Scan the records beneath this line for the line holding "sqrt (- ((real" and the line holding "sqrt ((real n)^2", then transcribe exactly those two and all lines between.
╭─ Task input
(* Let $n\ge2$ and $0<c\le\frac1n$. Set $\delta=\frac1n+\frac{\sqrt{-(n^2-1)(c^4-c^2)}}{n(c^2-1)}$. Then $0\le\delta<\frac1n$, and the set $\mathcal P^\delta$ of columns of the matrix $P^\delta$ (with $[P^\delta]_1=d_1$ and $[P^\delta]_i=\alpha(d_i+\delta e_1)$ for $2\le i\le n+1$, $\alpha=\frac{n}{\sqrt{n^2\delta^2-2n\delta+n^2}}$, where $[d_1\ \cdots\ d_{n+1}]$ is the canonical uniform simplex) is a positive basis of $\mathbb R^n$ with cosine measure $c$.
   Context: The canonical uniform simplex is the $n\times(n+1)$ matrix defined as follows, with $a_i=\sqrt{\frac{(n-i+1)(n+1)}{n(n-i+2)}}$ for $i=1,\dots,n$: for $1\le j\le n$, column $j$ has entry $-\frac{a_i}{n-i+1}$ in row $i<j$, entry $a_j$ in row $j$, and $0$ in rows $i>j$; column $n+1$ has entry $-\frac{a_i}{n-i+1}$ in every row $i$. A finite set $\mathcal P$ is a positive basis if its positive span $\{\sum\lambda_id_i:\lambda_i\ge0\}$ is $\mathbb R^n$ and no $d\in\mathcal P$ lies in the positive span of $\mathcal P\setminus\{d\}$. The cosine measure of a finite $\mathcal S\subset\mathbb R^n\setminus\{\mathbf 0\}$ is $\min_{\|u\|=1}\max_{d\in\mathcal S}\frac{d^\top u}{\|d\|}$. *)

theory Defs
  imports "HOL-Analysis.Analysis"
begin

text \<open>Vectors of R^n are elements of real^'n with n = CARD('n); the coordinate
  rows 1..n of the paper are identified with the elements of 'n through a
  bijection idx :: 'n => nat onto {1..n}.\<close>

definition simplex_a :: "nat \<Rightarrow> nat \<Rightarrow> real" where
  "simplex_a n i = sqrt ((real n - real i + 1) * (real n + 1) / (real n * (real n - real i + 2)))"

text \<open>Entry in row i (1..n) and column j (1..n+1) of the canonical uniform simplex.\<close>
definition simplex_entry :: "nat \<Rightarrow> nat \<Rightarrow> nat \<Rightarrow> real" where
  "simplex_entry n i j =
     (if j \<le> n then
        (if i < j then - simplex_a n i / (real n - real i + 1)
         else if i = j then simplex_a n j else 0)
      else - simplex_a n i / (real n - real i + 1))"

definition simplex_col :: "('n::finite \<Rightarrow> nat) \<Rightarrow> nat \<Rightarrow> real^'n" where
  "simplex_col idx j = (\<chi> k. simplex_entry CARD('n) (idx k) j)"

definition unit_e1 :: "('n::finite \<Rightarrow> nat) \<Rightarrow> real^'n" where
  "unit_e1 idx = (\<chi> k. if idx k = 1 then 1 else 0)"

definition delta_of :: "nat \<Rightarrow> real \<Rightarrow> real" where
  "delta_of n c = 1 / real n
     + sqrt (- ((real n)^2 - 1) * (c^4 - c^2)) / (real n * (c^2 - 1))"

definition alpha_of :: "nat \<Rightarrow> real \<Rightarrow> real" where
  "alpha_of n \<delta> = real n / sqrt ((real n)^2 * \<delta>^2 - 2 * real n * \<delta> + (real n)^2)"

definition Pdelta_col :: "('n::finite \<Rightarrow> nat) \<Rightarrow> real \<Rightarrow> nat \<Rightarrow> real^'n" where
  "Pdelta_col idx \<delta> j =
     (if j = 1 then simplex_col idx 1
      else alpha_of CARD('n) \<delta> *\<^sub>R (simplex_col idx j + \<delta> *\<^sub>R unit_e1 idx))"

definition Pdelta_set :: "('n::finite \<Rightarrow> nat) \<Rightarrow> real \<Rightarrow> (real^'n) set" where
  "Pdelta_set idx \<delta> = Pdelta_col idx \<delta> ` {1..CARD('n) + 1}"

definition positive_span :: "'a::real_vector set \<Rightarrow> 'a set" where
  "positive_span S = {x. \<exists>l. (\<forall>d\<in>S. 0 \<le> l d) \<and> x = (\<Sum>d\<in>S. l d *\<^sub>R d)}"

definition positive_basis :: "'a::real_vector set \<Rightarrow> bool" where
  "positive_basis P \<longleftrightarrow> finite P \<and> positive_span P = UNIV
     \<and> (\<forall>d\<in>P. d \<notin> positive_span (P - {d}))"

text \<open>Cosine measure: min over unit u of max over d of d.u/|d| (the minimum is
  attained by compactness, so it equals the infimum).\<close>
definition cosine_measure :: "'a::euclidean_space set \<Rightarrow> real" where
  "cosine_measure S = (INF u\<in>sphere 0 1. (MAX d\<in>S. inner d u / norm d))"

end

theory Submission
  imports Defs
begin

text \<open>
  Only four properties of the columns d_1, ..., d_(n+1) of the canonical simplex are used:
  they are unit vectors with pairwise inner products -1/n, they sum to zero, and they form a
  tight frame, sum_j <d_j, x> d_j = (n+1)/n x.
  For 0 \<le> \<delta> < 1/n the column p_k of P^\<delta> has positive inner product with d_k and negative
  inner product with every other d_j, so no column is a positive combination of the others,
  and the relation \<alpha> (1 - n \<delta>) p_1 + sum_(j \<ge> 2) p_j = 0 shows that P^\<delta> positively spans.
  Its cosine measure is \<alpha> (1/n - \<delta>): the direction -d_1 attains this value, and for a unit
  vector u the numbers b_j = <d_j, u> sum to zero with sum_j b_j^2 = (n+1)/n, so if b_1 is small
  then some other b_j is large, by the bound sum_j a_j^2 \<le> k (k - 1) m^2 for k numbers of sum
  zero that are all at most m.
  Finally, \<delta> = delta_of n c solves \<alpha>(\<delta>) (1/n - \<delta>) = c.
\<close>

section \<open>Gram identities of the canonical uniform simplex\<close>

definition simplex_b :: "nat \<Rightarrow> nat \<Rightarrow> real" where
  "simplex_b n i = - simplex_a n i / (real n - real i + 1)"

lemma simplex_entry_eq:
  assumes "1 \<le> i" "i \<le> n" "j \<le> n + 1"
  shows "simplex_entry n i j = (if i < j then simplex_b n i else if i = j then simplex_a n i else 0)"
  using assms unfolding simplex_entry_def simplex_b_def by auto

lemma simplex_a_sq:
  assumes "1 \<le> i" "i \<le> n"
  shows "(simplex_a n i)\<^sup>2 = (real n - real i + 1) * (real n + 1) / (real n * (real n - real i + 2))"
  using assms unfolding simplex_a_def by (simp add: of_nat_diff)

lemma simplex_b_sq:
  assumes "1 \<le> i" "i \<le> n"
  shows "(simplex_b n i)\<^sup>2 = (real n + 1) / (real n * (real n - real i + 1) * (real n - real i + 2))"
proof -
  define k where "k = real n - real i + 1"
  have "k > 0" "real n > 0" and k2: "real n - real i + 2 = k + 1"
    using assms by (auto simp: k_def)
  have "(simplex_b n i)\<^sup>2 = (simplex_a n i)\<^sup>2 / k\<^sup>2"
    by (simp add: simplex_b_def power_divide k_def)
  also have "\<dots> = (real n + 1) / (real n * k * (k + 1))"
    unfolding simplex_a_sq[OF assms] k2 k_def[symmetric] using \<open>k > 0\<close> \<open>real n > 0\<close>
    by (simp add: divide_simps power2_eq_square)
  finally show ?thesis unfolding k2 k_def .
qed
╰─
▸ Answer box:
     + sqrt (- ((real n)^2 - 1) * (c^4 - c^2)) / (real n * (c^2 - 1))"

definition alpha_of :: "nat \<Rightarrow> real \<Rightarrow> real" where
  "alpha_of n \<delta> = real n / sqrt ((real n)^2 * \<delta>^2 - 2 * real n * \<delta> + (real n)^2)"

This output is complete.